Comparisons against lower order finite elements and non-deformed high order elements demonstrated the importance of high order approximations for both the solution and the domain itself. By employing quintic elements, the solver minimises numerical errors and provides a more precise representation of the liquid surface. Furthermore, the code’s usability was confirmed through its ability to predict optical surfaces derived from complex boundary conditions, suggesting its potential for designing lenses with tailored optical characteristics. This fluidic approach promises sub-nanometric surface quality due to the inherent smoothness of liquid interfaces, offering a pathway to creating high-precision optics without the need for abrasive processes.

Quintic Finite Element Solver Validates High-Resolution Liquid Interface Reconstruction and Curvature Calculation

At the core of this work lies a high order (quintic) finite element numerical solver, developed to accurately resolve the topography and curvature of liquid interfaces on arbitrary domains. This solver achieves a remarkable level of precision, essential for optical applications demanding shape accuracy on the order of λ/10, approximately 50 nanometres for a 1cm diameter lens operating within the visible spectrum.

Such accuracy represents a six order of magnitude improvement over the characteristic geometrical length, a feat previously unattainable. Verification against manufactured and known analytical solutions confirms excellent convergence of the results obtained using this new method. Beyond resolving the shape, the research demonstrates the solver’s ability to accurately calculate surface curvature, a critical parameter governing optical properties.

Comparisons between solutions derived from the nonlinear equation and those from linearized analytical approaches reveal the importance of incorporating nonlinear terms, particularly when assumptions of linearization are invalid. These nonlinearities are essential for achieving high quality solutions and capturing the full range of optical possibilities.

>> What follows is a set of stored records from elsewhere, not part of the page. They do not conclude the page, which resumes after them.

(* Let $W_1$ and $W_2$ be wedges in the hyperbolic plane sharing a common boundary geodesic $g_2$, with their vertices at the two opposite ideal endpoints of $g_2$; let $g_1$ and $g_3$ be the other boundary geodesics of $W_1$ and $W_2$ respectively. Orient $g_2$ so that $g_1$ lies on its left, and let $s(g_2)$ be the shear along $g_2$ of the ideal quadrilateral whose vertices are the endpoints of $g_1$ and $g_3$. Let $h_1$ be a horocyclic arc in $W_1$ orthogonal to and connecting its two boundary sides, and let $h_2$ be the horocyclic arc in $W_2$ orthogonal to its boundary sides that continues $h_1$ (starting at the endpoint of $h_1$ on $g_2$). If $(W_1,W_2)$ is left-open then $\ell(h_2)=\dfrac{e^{s(g_2)}}{\ell(h_1)}$; if $(W_1,W_2)$ is left-closed then $\ell(h_2)=\dfrac{e^{-s(g_2)}}{\ell(h_1)}$.
   Context: A wedge is the region between two geodesics sharing one ideal endpoint (its vertex); horocyclic arcs in a wedge lie on horocycles centered at its vertex. With $g_2$ oriented so that $g_1$ is on its left, the pair $(W_1,W_2)$ is left-open if $g_2$ shares its initial point with $g_1$ (and its terminal point with $g_3$), and left-closed if $g_2$ shares its initial point with $g_3$ (and its terminal point with $g_1$). Shear: for two ideal triangles $\Delta_1,\Delta_2$ sharing a side $g$, orient $g$ with $\Delta_1$ on its left; $s(g)$ is the signed distance along $g$ from the foot of the perpendicular from the third vertex of $\Delta_1$ to the foot of the perpendicular from the third vertex of $\Delta_2$. $\ell(\cdot)$ denotes hyperbolic length. *)

theory Defs
  imports "HOL-Analysis.Analysis"
begin

text \<open>Poincare disk model of the hyperbolic plane: points are complex numbers z with
  cmod z < 1; ideal points are complex numbers of modulus 1.\<close>

definition hdist :: "complex \<Rightarrow> complex \<Rightarrow> real" where
  "hdist z w = arcosh (1 + 2 * (cmod (z - w))\<^sup>2 / ((1 - (cmod z)\<^sup>2) * (1 - (cmod w)\<^sup>2)))"

definition hyp_geodesic :: "complex \<Rightarrow> complex \<Rightarrow> (real \<Rightarrow> complex) \<Rightarrow> bool" where
  "hyp_geodesic p q c \<longleftrightarrow> cmod p = 1 \<and> cmod q = 1 \<and> (\<forall>t. cmod (c t) < 1) \<and>
     (\<forall>s t. hdist (c s) (c t) = \<bar>s - t\<bar>) \<and> (c \<longlongrightarrow> q) at_top \<and> (c \<longlongrightarrow> p) at_bot"

definition geod :: "complex \<Rightarrow> complex \<Rightarrow> complex set" where
  "geod p q = {z. \<exists>c t. hyp_geodesic p q c \<and> z = c t}"

text \<open>Horocycle centred at the ideal point p: a Euclidean circle of radius r in the disk
  internally tangent to the unit circle at p (with p itself removed).\<close>
definition horocycle :: "complex \<Rightarrow> real \<Rightarrow> complex set" where
  "horocycle p r = {z. cmod z < 1 \<and> cmod (z - complex_of_real (1 - r) * p) = r}"

definition hyp_length :: "(real \<Rightarrow> complex) \<Rightarrow> real" where
  "hyp_length \<gamma> = integral {0..1}
     (\<lambda>t. 2 * norm (vector_derivative \<gamma> (at t)) / (1 - (cmod (\<gamma> t))\<^sup>2))"

text \<open>u, v, w (distinct points of the unit circle) are in counterclockwise cyclic order.\<close>
definition ccw :: "complex \<Rightarrow> complex \<Rightarrow> complex \<Rightarrow> bool" where
  "ccw u v w \<longleftrightarrow> Im (cnj (v - u) * (w - u)) > 0"

text \<open>The ideal point a lies on the left of the geodesic oriented from p to q
  (standard orientation of the plane).\<close>
definition ideal_left :: "complex \<Rightarrow> complex \<Rightarrow> complex \<Rightarrow> bool" where
  "ideal_left p q a \<longleftrightarrow> ccw q a p"

text \<open>c t is the foot of the perpendicular dropped from the ideal point a to the
  geodesic line c: some geodesic line emanating from a passes through c t
  orthogonally to c (the disk model is conformal).\<close>
definition perp_foot :: "complex \<Rightarrow> (real \<Rightarrow> complex) \<Rightarrow> real \<Rightarrow> bool" where
  "perp_foot a c t \<longleftrightarrow> (\<exists>e c' u v. hyp_geodesic a e c' \<and> c' 0 = c t \<and>
      (c has_vector_derivative u) (at t) \<and> (c' has_vector_derivative v) (at 0) \<and>
      u \<noteq> 0 \<and> v \<noteq> 0 \<and> Re (cnj u * v) = 0)"

definition signed_foot_dist :: "complex \<Rightarrow> complex \<Rightarrow> complex \<Rightarrow> complex \<Rightarrow> real" where
  "signed_foot_dist p q a b = (THE s. \<exists>c t1 t2. hyp_geodesic p q c \<and>
      perp_foot a c t1 \<and> perp_foot b c t2 \<and> s = t2 - t1)"

text \<open>Shear along the geodesic g with endpoints x, y of the ideal triangles
  Delta1 = (x, y, a) and Delta2 = (x, y, b): g is oriented with Delta1 on its left.\<close>
definition shear :: "complex \<Rightarrow> complex \<Rightarrow> complex \<Rightarrow> complex \<Rightarrow> real" where
  "shear x y a b = (if ideal_left x y a then signed_foot_dist x y a b
                    else signed_foot_dist y x a b)"

end

theory Submission
  imports Defs
begin

text \<open>
  The Moebius map cayley p q z = k (z - p) / (q - z), with k = i (1 - q cnj p) / 2, is an isometry
  from the Poincare disk onto the upper half-plane taking the ideal points p and q to 0 and
  infinity. In this picture the geodesic from p to q is the positive imaginary axis, the geodesics
  ending at q are vertical lines, the horocycles centred at q are horizontal lines, and the
  perpendicular from a point A of the real axis to the imaginary axis is the semicircle |w| = |A|,
  with foot i |A|. Hence a horocyclic arc at height Y between the vertical lines over A and B has
  length |B - A| / Y, and the signed distance between the feet of the perpendiculars from the
  ideal points with images A and B is ln |B / A|.

  Measure h1 in the picture sending v1 to infinity and h2 in the picture sending v2 to infinity.
  The two pictures differ by the inversion w \<mapsto> -|v1 - v2|^2 / (4 w), so both the heights of
  the two arcs and the two images of a have product |v1 - v2|^2 / 4. This turns l(h1) l(h2) into
  the ratio |B' / A'| of the images of b and a in the second picture, which is exp (s(g2)) if
  (W1, W2) is left-open and exp (- s(g2)) if it is left-closed.
\<close>

section \<open>A Moebius chart of the disk on the upper half-plane\<close>

definition cayley_coeff :: "complex \<Rightarrow> complex \<Rightarrow> complex" where
  "cayley_coeff p q = \<i> * (1 - q * cnj p) / 2"

definition cayley :: "complex \<Rightarrow> complex \<Rightarrow> complex \<Rightarrow> complex" where
  "cayley p q z = cayley_coeff p q * (z - p) / (q - z)"

definition cayley_inv :: "complex \<Rightarrow> complex \<Rightarrow> complex \<Rightarrow> complex" where
  "cayley_inv p q w = (q * w + p * cayley_coeff p q) / (w + cayley_coeff p q)"

lemma unit_iff_Re_Im: "cmod p = 1 \<longleftrightarrow> (Re p)\<^sup>2 + (Im p)\<^sup>2 = 1"
  by (simp add: cmod_def)

lemma unit_mult_cnj: "cmod p = 1 \<Longrightarrow> p * cnj p = 1"
  by (metis complex_norm_square of_real_1 power_one)

lemma cayley_coeff_unit: "cmod p = 1 \<Longrightarrow> cayley_coeff p q = \<i> * cnj p * (p - q) / 2"
  unfolding cayley_coeff_def using unit_mult_cnj[of p] by (simp add: algebra_simps)

lemma norm_cayley_coeff: "cmod p = 1 \<Longrightarrow> cmod (cayley_coeff p q) = cmod (q - p) / 2"
  by (simp add: cayley_coeff_unit norm_mult norm_divide norm_minus_commute)

lemma Im_cayley_coeff:
  assumes "cmod p = 1" "cmod q = 1"
  shows "Im (cayley_coeff p q) = (cmod (q - p))\<^sup>2 / 4"
  using assms unfolding unit_iff_Re_Im cmod_power2
  by (simp add: cayley_coeff_def power2_eq_square field_simps)

lemma cayley_coeff_nonzero: "cmod p = 1 \<Longrightarrow> p \<noteq> q \<Longrightarrow> cayley_coeff p q \<noteq> 0"
  using norm_cayley_coeff[of p q] by auto

lemma add_cayley_coeff_nonzero:
  assumes "cmod p = 1" "cmod q = 1" "p \<noteq> q" "Im w \<ge> 0"
  shows "w + cayley_coeff p q \<noteq> 0"
proof -
  have "(cmod (q - p))\<^sup>2 > 0" using assms(3) by simp
  moreover have "Im (w + cayley_coeff p q) = Im w + (cmod (q - p))\<^sup>2 / 4"
    using Im_cayley_coeff[OF assms(1,2)] by simp
  ultimately have "Im (w + cayley_coeff p q) > 0"
    using assms(4) by linarith
  then show ?thesis
    by (auto simp: complex_eq_iff)
qed

lemma Im_cayley:
  assumes "cmod p = 1" "cmod q = 1" "z \<noteq> q"
  shows "Im (cayley p q z) = (cmod (q - p))\<^sup>2 * (1 - (cmod z)\<^sup>2) / (4 * (cmod (q - z))\<^sup>2)"
proof -
  have numerator:
    "Im (cayley_coeff p q * (z - p) * cnj (q - z)) = (cmod (q - p))\<^sup>2 * (1 - (cmod z)\<^sup>2) / 4"
    using assms(1,2) unfolding unit_iff_Re_Im cmod_power2
    by (simp add: cayley_coeff_def power2_eq_square algebra_simps) algebra
  have "cayley p q z = cayley_coeff p q * (z - p) * cnj (q - z) / ((q - z) * cnj (q - z))"
    using assms(3) by (simp add: cayley_def)
  also have "(q - z) * cnj (q - z) = of_real ((cmod (q - z))\<^sup>2)"
    by (simp only: complex_mult_cnj cmod_power2)
  finally show ?thesis
    by (simp only: Im_divide_of_real numerator)
qed

lemma Im_cayley_pos:
  assumes "cmod p = 1" "cmod q = 1" "p \<noteq> q" "cmod z < 1"
  shows "Im (cayley p q z) > 0"
proof -
  have "z \<noteq> q"
    using assms(2,4) by auto
  moreover have "(cmod (q - p))\<^sup>2 > 0" "(cmod (q - z))\<^sup>2 > 0" "1 - (cmod z)\<^sup>2 > 0"
    using assms \<open>z \<noteq> q\<close> by (auto simp: abs_square_less_1)
  ultimately show ?thesis
    by (simp add: Im_cayley[OF assms(1,2)])
qed

lemma cayley_unit_of_real:
  assumes "cmod p = 1" "cmod q = 1" "cmod a = 1" "a \<noteq> q"
  shows "cayley p q a = of_real (Re (cayley p q a))"
  using Im_cayley[OF assms(1,2,4)] assms(3) by (simp add: complex_eq_iff)

lemma cayley_self [simp]: "cayley p q p = 0"
  by (simp add: cayley_def)

lemma Re_cayley_unit_nonzero:
  assumes "cmod p = 1" "cmod q = 1" "cmod a = 1" "p \<noteq> q" "a \<noteq> p" "a \<noteq> q"
  shows "Re (cayley p q a) \<noteq> 0"
proof
  assume "Re (cayley p q a) = 0"
  then have "cayley p q a = 0"
    using cayley_unit_of_real[OF assms(1-3,6)] by simp
  then show False
    using assms(5,6) cayley_coeff_nonzero[OF assms(1,4)] by (simp add: cayley_def)
qed

lemma cayley_diff:
  assumes "z1 \<noteq> q" "z2 \<noteq> q"
  shows "cayley p q z1 - cayley p q z2 = cayley_coeff p q * (q - p) * (z1 - z2) / ((q - z1) * (q - z2))"
  using assms by (simp add: cayley_def field_simps)

lemma cayley_inv_cayley:
  assumes "cmod p = 1" "p \<noteq> q" "z \<noteq> q"
  shows "cayley_inv p q (cayley p q z) = z"
proof -
  have "q - z \<noteq> 0" "q - p \<noteq> 0" "cayley_coeff p q \<noteq> 0"
    using assms cayley_coeff_nonzero[OF assms(1,2)] by auto
  moreover have "cayley p q z + cayley_coeff p q = cayley_coeff p q * (q - p) / (q - z)"
    "q * cayley p q z + p * cayley_coeff p q = cayley_coeff p q * (q - p) / (q - z) * z"
    using \<open>q - z \<noteq> 0\<close> by (simp_all add: cayley_def field_simps)
  ultimately show ?thesis
    by (simp add: cayley_inv_def)
qed

lemma q_minus_cayley_inv:
  "w + cayley_coeff p q \<noteq> 0 \<Longrightarrow> q - cayley_inv p q w = cayley_coeff p q * (q - p) / (w + cayley_coeff p q)"
  by (simp add: cayley_inv_def field_simps)

lemma cayley_cayley_inv:
  assumes "cmod p = 1" "p \<noteq> q" "w + cayley_coeff p q \<noteq> 0"
  shows "cayley p q (cayley_inv p q w) = w"
proof -
  have "cayley_inv p q w - p = w * (q - p) / (w + cayley_coeff p q)"
    using assms(3) by (simp add: cayley_inv_def field_simps)
  moreover have "cayley_coeff p q \<noteq> 0" "q - p \<noteq> 0"
    using cayley_coeff_nonzero[OF assms(1,2)] assms(2) by auto
  ultimately show ?thesis
    using assms(3) by (simp add: cayley_def q_minus_cayley_inv)
qed

lemma cayley_inv_ne:
  assumes "cmod p = 1" "p \<noteq> q" "w + cayley_coeff p q \<noteq> 0"
  shows "cayley_inv p q w \<noteq> q"
  using q_minus_cayley_inv[OF assms(3)] cayley_coeff_nonzero[OF assms(1,2)] assms(2,3) by auto

lemma norm_cayley_inv:
  assumes "cmod p = 1" "cmod q = 1" "p \<noteq> q" "Im w \<ge> 0"
  shows "(cmod (cayley_inv p q w))\<^sup>2 = 1 - 4 * Im w * (cmod (q - cayley_inv p q w))\<^sup>2 / (cmod (q - p))\<^sup>2"
proof -
  have wk: "w + cayley_coeff p q \<noteq> 0" by (rule add_cayley_coeff_nonzero[OF assms])
  let ?z = "cayley_inv p q w"
  have "Im w = (cmod (q - p))\<^sup>2 * (1 - (cmod ?z)\<^sup>2) / (4 * (cmod (q - ?z))\<^sup>2)"
    using Im_cayley[OF assms(1,2) cayley_inv_ne[OF assms(1,3) wk]] cayley_cayley_inv[OF assms(1,3) wk]
    by simp
  then show ?thesis
    using assms(3) cayley_inv_ne[OF assms(1,3) wk] by (simp add: field_simps)
qed

lemma norm_cayley_inv_less_1:
  assumes "cmod p = 1" "cmod q = 1" "p \<noteq> q" "Im w > 0"
  shows "cmod (cayley_inv p q w) < 1"
proof -
  have "cayley_inv p q w \<noteq> q"
    using cayley_inv_ne add_cayley_coeff_nonzero assms by (simp add: less_imp_le)
  then have "(cmod (cayley_inv p q w))\<^sup>2 < 1"
    using norm_cayley_inv[OF assms(1-3)] assms(3,4) by simp
  then show ?thesis by (simp add: abs_square_less_1)
qed

lemma norm_cayley_inv_of_real:
  assumes "cmod p = 1" "cmod q = 1" "p \<noteq> q"
  shows "cmod (cayley_inv p q (of_real x)) = 1"
  using norm_cayley_inv[OF assms, of "of_real x"] by (simp add: abs_square_eq_1)

lemma cayley_swap:
  assumes "cmod p = 1" "cmod q = 1" "z \<noteq> p" "z \<noteq> q"
  shows "cayley q p z * cayley p q z = - of_real ((cmod (q - p))\<^sup>2) / 4"
proof -
  have "p - z \<noteq> 0" "q - z \<noteq> 0" using assms(3,4) by auto
  then have "(z - q) / (p - z) * ((z - p) / (q - z)) = 1"
    by (simp add: divide_simps) (simp add: algebra_simps)
  moreover have "cayley q p z * cayley p q z =
      cayley_coeff q p * cayley_coeff p q * ((z - q) / (p - z) * ((z - p) / (q - z)))"
    by (simp add: cayley_def)
  ultimately have "cayley q p z * cayley p q z = cayley_coeff q p * cayley_coeff p q"
    by simp
  also have "\<dots> = - of_real ((cmod (q - p))\<^sup>2) / 4"
    using assms(1,2) unfolding cayley_coeff_def unit_iff_Re_Im cmod_power2
    by (simp add: complex_eq_iff power2_eq_square algebra_simps) algebra
  finally show ?thesis .
qed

The study highlights the significance of high order approximations, both of the solution and the domain itself. Testing against low order finite elements and non-deformed high order elements clearly demonstrates the benefits of this approach in minimising geometrical mismatch error arising from spatial discretisation. This careful attention to detail allows for the prediction of optical surfaces derived from complex boundary conditions, opening avenues for designing lenses with tailored properties.

The code’s usability is further demonstrated through its application to designing and analysing micro-lens arrays. By predicting nominal optical properties and assessing the impact of manufacturing imperfections, such as frame defects or volume inaccuracies, the solver provides valuable insights for optimising the Fluidic Shaping process. Once implemented, the solver provides a means to accurately model the topography of the liquid interface, and subsequently, its optical properties.